--- TASK GOAL ---
Would you copy each line of the data below that has "also"?
-*-*-
(* Let $\Gamma=(G,\sigma)$ be a connected signed graph with $G=(V,E)$, $|V|=n$, and $\sigma\equiv-1$. For each $p>1$ let $f^{(p)}\in\mathcal S_p$ be an eigenfunction of $\Delta_p^\sigma$ with eigenvalue $\lambda_n^{(p)}$. Then for every $i\in V$ the limit $\lim_{p\to\infty}|f^{(p)}(i)|^{p/2}$ exists, and the function $f(i):=\lim_{p\to\infty}|f^{(p)}(i)|^{p/2}$ is an eigenfunction of $A^\mu_{-\Gamma}$ corresponding to the eigenvalue $\lambda_n(A^\mu_{-\Gamma})$.
   Context: $G=(V,E)$ is a finite undirected graph without self-loops, $V=\{1,\dots,n\}$. A signed graph $\Gamma=(G,\sigma)$ has signature $\sigma:E\to\{\pm1\}$, edge weight $w:E\to(0,\infty)$, vertex measure $\mu:V\to(0,\infty)$, potential $\kappa:V\to\mathbb R$. With $\Psi_p(t)=|t|^{p-2}t$ ($\Psi_p(0)=0$), the $p$-Laplacian is $\Delta_p^\sigma f(i)=\sum_{j\sim i}w_{ij}\Psi_p(f(i)-\sigma_{ij}f(j))+\kappa_i\Psi_p(f(i))$; a nonzero $f$ is an eigenfunction with eigenvalue $\lambda$ if $\Delta_p^\sigma f(i)=\lambda\mu_i\Psi_p(f(i))$ for all $i$. $\mathcal R_p^\sigma(f)=\frac{\sum_{\{i,j\}\in E}w_{ij}|f(i)-\sigma_{ij}f(j)|^p+\sum_i\kappa_i|f(i)|^p}{\sum_i\mu_i|f(i)|^p}$; $\mathcal S_p=\{f:\sum_i\mu_i|f(i)|^p=1\}$; Krasnoselskii genus $\gamma(B)$ of closed symmetric $B\subset\mathbb R^n\setminus\{0\}$: least $k$ with an odd continuous map $B\to\mathbb R^k\setminus\{0\}$; $\mathcal F_k(\mathcal S_p)$ = closed symmetric $B\subset\mathcal S_p$ with $\gamma(B)\ge k$; variational eigenvalues $\lambda_k^{(p)}=\min_{B\in\mathcal F_k(\mathcal S_p)}\max_{f\in B}\mathcal R_p^\sigma(f)$ (in particular $\lambda_n^{(p)}=\max_{f\in\mathcal S_p}\mathcal R_p^\sigma(f)$). $-\Gamma=(G,-\sigma)$; $A_{\Gamma}$ has entries $\sigma_{ij}w_{ij}$ for $i\sim j$, $0$ otherwise; $A^\mu_\Gamma=\mathrm{diag}(\mu)^{-1}A_\Gamma$, with eigenvalues $\lambda_1\le\dots\le\lambda_n$. *)

theory Defs
  imports Complex_Main
begin

text \<open>Vertices are the elements of a finite type 'n (playing the role of V = {1..n}).
  The graph is given by a symmetric irreflexive adjacency relation E; the signature
  sigma, edge weight w are functions on ordered pairs (only their values on edges matter,
  and they are required to be symmetric there); mu is the vertex measure, kappa the potential.\<close>

definition signed_graph ::
  "('n::finite \<Rightarrow> 'n \<Rightarrow> bool) \<Rightarrow> ('n \<Rightarrow> 'n \<Rightarrow> real) \<Rightarrow> ('n \<Rightarrow> 'n \<Rightarrow> real) \<Rightarrow> ('n \<Rightarrow> real) \<Rightarrow> bool" where
  "signed_graph E sigma w mu \<longleftrightarrow>
     (\<forall>i. \<not> E i i) \<and> (\<forall>i j. E i j \<longrightarrow> E j i) \<and>
     (\<forall>i j. E i j \<longrightarrow> w i j > 0 \<and> w i j = w j i \<and> sigma i j \<in> {-1, 1} \<and> sigma i j = sigma j i) \<and>
     (\<forall>i. mu i > 0)"

definition connected_graph :: "('n::finite \<Rightarrow> 'n \<Rightarrow> bool) \<Rightarrow> bool" where
  "connected_graph E \<longleftrightarrow> (\<forall>i j. E\<^sup>*\<^sup>* i j)"

definition Psi :: "real \<Rightarrow> real \<Rightarrow> real" where
  "Psi p t = (if t = 0 then 0 else \<bar>t\<bar> powr (p - 2) * t)"

definition p_laplacian ::
  "('n::finite \<Rightarrow> 'n \<Rightarrow> bool) \<Rightarrow> ('n \<Rightarrow> 'n \<Rightarrow> real) \<Rightarrow> ('n \<Rightarrow> 'n \<Rightarrow> real) \<Rightarrow> ('n \<Rightarrow> real)
    \<Rightarrow> real \<Rightarrow> ('n \<Rightarrow> real) \<Rightarrow> 'n \<Rightarrow> real" where
  "p_laplacian E sigma w kappa p f i =
     (\<Sum>j\<in>{j. E i j}. w i j * Psi p (f i - sigma i j * f j)) + kappa i * Psi p (f i)"

definition p_eigenfunction ::
  "('n::finite \<Rightarrow> 'n \<Rightarrow> bool) \<Rightarrow> ('n \<Rightarrow> 'n \<Rightarrow> real) \<Rightarrow> ('n \<Rightarrow> 'n \<Rightarrow> real) \<Rightarrow> ('n \<Rightarrow> real)
    \<Rightarrow> ('n \<Rightarrow> real) \<Rightarrow> real \<Rightarrow> ('n \<Rightarrow> real) \<Rightarrow> real \<Rightarrow> bool" where
  "p_eigenfunction E sigma w mu kappa p f lam \<longleftrightarrow>
     f \<noteq> (\<lambda>_. 0) \<and> (\<forall>i. p_laplacian E sigma w kappa p f i = lam * mu i * Psi p (f i))"

text \<open>Sum over unordered edges {i,j} written as half the sum over ordered adjacent pairs.\<close>
definition rayleigh ::
  "('n::finite \<Rightarrow> 'n \<Rightarrow> bool) \<Rightarrow> ('n \<Rightarrow> 'n \<Rightarrow> real) \<Rightarrow> ('n \<Rightarrow> 'n \<Rightarrow> real) \<Rightarrow> ('n \<Rightarrow> real)
    \<Rightarrow> ('n \<Rightarrow> real) \<Rightarrow> real \<Rightarrow> ('n \<Rightarrow> real) \<Rightarrow> real" where
  "rayleigh E sigma w mu kappa p f =
     ((1/2) * (\<Sum>(i,j)\<in>{(i,j). E i j}. w i j * \<bar>f i - sigma i j * f j\<bar> powr p)
        + (\<Sum>i\<in>UNIV. kappa i * \<bar>f i\<bar> powr p))
     / (\<Sum>i\<in>UNIV. mu i * \<bar>f i\<bar> powr p)"

definition S_p :: "('n::finite \<Rightarrow> real) \<Rightarrow> real \<Rightarrow> ('n \<Rightarrow> real) set" where
  "S_p mu p = {f. (\<Sum>i\<in>UNIV. mu i * \<bar>f i\<bar> powr p) = 1}"

text \<open>The largest variational eigenvalue lambda_n^(p) = max over S_p of the Rayleigh quotient.\<close>
definition lambda_max_p ::
  "('n::finite \<Rightarrow> 'n \<Rightarrow> bool) \<Rightarrow> ('n \<Rightarrow> 'n \<Rightarrow> real) \<Rightarrow> ('n \<Rightarrow> 'n \<Rightarrow> real) \<Rightarrow> ('n \<Rightarrow> real)
    \<Rightarrow> ('n \<Rightarrow> real) \<Rightarrow> real \<Rightarrow> real" where
  "lambda_max_p E sigma w mu kappa p = Sup (rayleigh E sigma w mu kappa p ` S_p mu p)"

text \<open>A^mu_Gamma = diag(mu)^{-1} A_Gamma, as a matrix indexed by vertices.\<close>
definition adj_mu ::
  "('n::finite \<Rightarrow> 'n \<Rightarrow> bool) \<Rightarrow> ('n \<Rightarrow> 'n \<Rightarrow> real) \<Rightarrow> ('n \<Rightarrow> 'n \<Rightarrow> real) \<Rightarrow> ('n \<Rightarrow> real)
    \<Rightarrow> 'n \<Rightarrow> 'n \<Rightarrow> real" where
  "adj_mu E sigma w mu i j = (if E i j then sigma i j * w i j / mu i else 0)"

definition mat_eigenvector :: "('n::finite \<Rightarrow> 'n \<Rightarrow> real) \<Rightarrow> real \<Rightarrow> ('n \<Rightarrow> real) \<Rightarrow> bool" where
  "mat_eigenvector M lam f \<longleftrightarrow> f \<noteq> (\<lambda>_. 0) \<and> (\<forall>i. (\<Sum>j\<in>UNIV. M i j * f j) = lam * f i)"

definition mat_eigenvalues :: "('n::finite \<Rightarrow> 'n \<Rightarrow> real) \<Rightarrow> real set" where
  "mat_eigenvalues M = {lam. \<exists>f. mat_eigenvector M lam f}"

text \<open>Largest eigenvalue lambda_n (the matrices considered are similar to symmetric ones,
  so all eigenvalues are real).\<close>
definition mat_lambda_max :: "('n::finite \<Rightarrow> 'n \<Rightarrow> real) \<Rightarrow> real" where
  "mat_lambda_max M = Max (mat_eigenvalues M)"

end

(*
  Put g_p = |f_p|^(p/2), a nonnegative vector with sum_i mu_i g_p(i)^2 = 1.  For a, b >= 0
    2^p a b  <=  (a^(2/p) + b^(2/p))^p  <=  2^p (a b + 8p/(p-1)^2 (a^2 + b^2)),
  so for such g the p-energy of g^(2/p) on -Gamma (edge terms |h_i + h_j|^p) lies between
  2^(p-1) <g, W g> - C and 2^(p-1) (<g, W g> + O(1/p)) + C, where W are the edge weights and
  C bounds the potential term.  The energy of f_p is lambda_n^(p); it is at most the energy of
  |f_p| = g_p^(2/p) and at least that of v^(2/p), where v attains
  Lambda = max <g, W g> over the nonnegative mu-unit sphere.  Hence
  0 <= Lambda - <g_p, W g_p> = O(1/p) + O(2^-p).  By connectivity v is the unique maximiser
  (Perron-Frobenius) and an eigenvector of A^mu_{-Gamma} for its largest eigenvalue Lambda,
  and compactness of the sphere turns <g_p, W g_p> -> Lambda into g_p -> v.
*)

theory Submission
  imports Defs "HOL-Analysis.Analysis" "HOL-Real_Asymp.Real_Asymp"
begin

section \<open>Inequalities for real powers\<close>

lemma powr_diff_le_tangent:
  fixes U V p :: real
  assumes U: "0 \<le> U" "U \<le> V" and p: "1 \<le> p"
  shows "V powr p - U powr p \<le> p * V powr (p - 1) * (V - U)"
proof (cases "U = 0")
  case True
  show ?thesis
  proof (cases "V = 0")
    case False
    with U have "V powr (p - 1) * V = V powr p"
      by (simp add: powr_mult_base mult.commute)
    then show ?thesis
      using True p by (simp add: mult.assoc mult_le_cancel_right1)
  qed (use True in simp)
next
  case False
  with U have "0 < U" "0 < V" by auto
  have "p * V powr (p - 1) * (U - V) \<le> U powr p - V powr p"
    by (rule convex_on_imp_above_tangent[OF powr_convex[OF p]])
      (use \<open>0 < U\<close> \<open>0 < V\<close> in
        \<open>auto simp: interior_open intro: has_field_derivative_at_within has_real_derivative_powr\<close>)
  then show ?thesis by (simp add: algebra_simps)
qed

lemma powr_mult_square_one_minus_le:
  fixes v p :: real
  assumes v: "0 < v" "v \<le> 1" and p: "1 < p"
  shows "v powr (p - 1) * (1 - v)^2 \<le> 4 / (p - 1)^2"
proof -
  define s where "s = (p - 1) * (1 - v)"
  have "v \<le> exp (v - 1)" using exp_ge_add_one_self[of "v - 1"] by simp
  then have "v powr (p - 1) \<le> exp (v - 1) powr (p - 1)"
    using v p by (intro powr_mono2) auto
  also have "\<dots> = exp (- s)" by (simp add: powr_def s_def algebra_simps)
  finally have "v powr (p - 1) * (1 - v)^2 \<le> exp (- s) * (1 - v)^2"
    by (rule mult_right_mono) simp
  also have "\<dots> = s^2 / ((p - 1)^2 * exp s)"
  proof -
    have "s^2 = (p - 1)^2 * (1 - v)^2" by (simp add: s_def power_mult_distrib)
    then show ?thesis using p by (simp add: exp_minus field_simps)
  qed
  also have "\<dots> \<le> 4 / (p - 1)^2"
  proof -
    have "0 \<le> s" using v p by (simp add: s_def)
    then have "s^2 / 4 \<le> exp s"
      using exp_lower_Taylor_quadratic[of s] zero_le_power2[of s] by linarith
    then show ?thesis using p by (simp add: field_simps)
  qed
  finally show ?thesis .
qed

lemma half_one_plus_square_powr_le:
  fixes u p :: real
  assumes u: "0 \<le> u" "u \<le> 1" and p: "1 < p"
  shows "((1 + u^2) / 2) powr p \<le> u powr p + 8 * p / (p - 1)^2"
proof -
  define v where "v = (1 + u^2) / 2"
  have v: "0 < v" "v \<le> 1" using u by (auto simp: v_def power_le_one add_pos_nonneg)
  have v_minus_u: "v - u = (1 - u)^2 / 2" by (simp add: v_def power2_eq_square field_simps)
  have "u^2 \<le> u" using u mult_left_mono[of u 1 u] by (simp add: power2_eq_square)
  then have "1 - u \<le> 2 * (1 - v)" by (simp add: v_def field_simps)
  then have "(1 - u)^2 \<le> 4 * (1 - v)^2"
    using power_mono[of "1 - u" "2 * (1 - v)" 2] u unfolding power_mult_distrib by simp
  then have gap: "v - u \<le> 2 * (1 - v)^2" unfolding v_minus_u by simp
  have "u \<le> v" using v_minus_u zero_le_power2[of "1 - u"] by linarith
  then have "v powr p - u powr p \<le> p * v powr (p - 1) * (v - u)"
    using u p by (intro powr_diff_le_tangent) auto
  also have "\<dots> \<le> 2 * p * (v powr (p - 1) * (1 - v)^2)"
    using mult_left_mono[OF gap, of "p * v powr (p - 1)"] p by (simp add: algebra_simps)
  also have "\<dots> \<le> 2 * p * (4 / (p - 1)^2)"
    using powr_mult_square_one_minus_le[OF v p] p by (intro mult_left_mono) auto
  finally show ?thesis unfolding v_def by simp
qed

lemma sum_roots_powr_le:
  fixes a b p :: real
  assumes "0 \<le> a" "0 \<le> b" and p: "1 < p"
  shows "(a powr (2/p) + b powr (2/p)) powr p \<le> 2 powr p * (a * b + (a^2 + b^2) * (8 * p / (p - 1)^2))"
  using assms
proof (induction a b rule: linorder_wlog)
  case (sym a b)
  then show ?case by (simp add: add.commute mult.commute)
next
  case (le a b)
  define c where "c = 8 * p / (p - 1)^2"
  have "0 \<le> c" using p by (simp add: c_def)
  show ?case
  proof (cases "b = 0")
    case False
    with le have "0 < b" by simp
    define u where "u = (a / b) powr (1/p)"
    have u: "0 \<le> u" "u \<le> 1"
      using le \<open>0 < b\<close> p by (auto simp: u_def powr_le1)
    have "a powr (2/p) = u^2 * b powr (2/p)"
      using le \<open>0 < b\<close> by (simp add: u_def powr_divide powr_powr power2_eq_square powr_add[symmetric])
    then have sum_eq: "a powr (2/p) + b powr (2/p) = b powr (2/p) * (2 * ((1 + u^2) / 2))"
      by (simp add: algebra_simps)
    have "(a powr (2/p) + b powr (2/p)) powr p = (b powr (2/p)) powr p * (2 * ((1 + u^2) / 2)) powr p"
      unfolding sum_eq by (rule powr_mult; simp)
    also have "\<dots> = 2 powr p * b^2 * ((1 + u^2) / 2) powr p"
      using \<open>0 < b\<close> p by (subst powr_mult) (auto simp: powr_powr)
    also have "\<dots> \<le> 2 powr p * b^2 * (u powr p + c)"
      using half_one_plus_square_powr_le[OF u p] by (intro mult_left_mono) (auto simp: c_def)
    also have "\<dots> = 2 powr p * (a * b + b^2 * c)"
      using le \<open>0 < b\<close> p by (simp add: u_def powr_powr power2_eq_square field_simps)
    also have "\<dots> \<le> 2 powr p * (a * b + (a^2 + b^2) * c)"
      using \<open>0 \<le> c\<close> by (intro mult_left_mono add_left_mono mult_right_mono) auto
    finally show ?thesis by (simp add: c_def)
  qed (use le in simp)
qed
-*-*-
--- ANSWER FOR THE TASK ---
  also have "\<dots> = exp (- s)" by (simp add: powr_def s_def algebra_simps)
  also have "\<dots> = s^2 / ((p - 1)^2 * exp s)"
  also have "\<dots> \<le> 4 / (p - 1)^2"
  also have "\<dots> \<le> 2 * p * (v powr (p - 1) * (1 - v)^2)"
  also have "\<dots> \<le> 2 * p * (4 / (p - 1)^2)"
    also have "\<dots> = 2 powr p * b^2 * ((1 + u^2) / 2) powr p"
    also have "\<dots> \<le> 2 powr p * b^2 * (u powr p + c)"
    also have "\<dots> = 2 powr p * (a * b + b^2 * c)"
    also have "\<dots> \<le> 2 powr p * (a * b + (a^2 + b^2) * c)"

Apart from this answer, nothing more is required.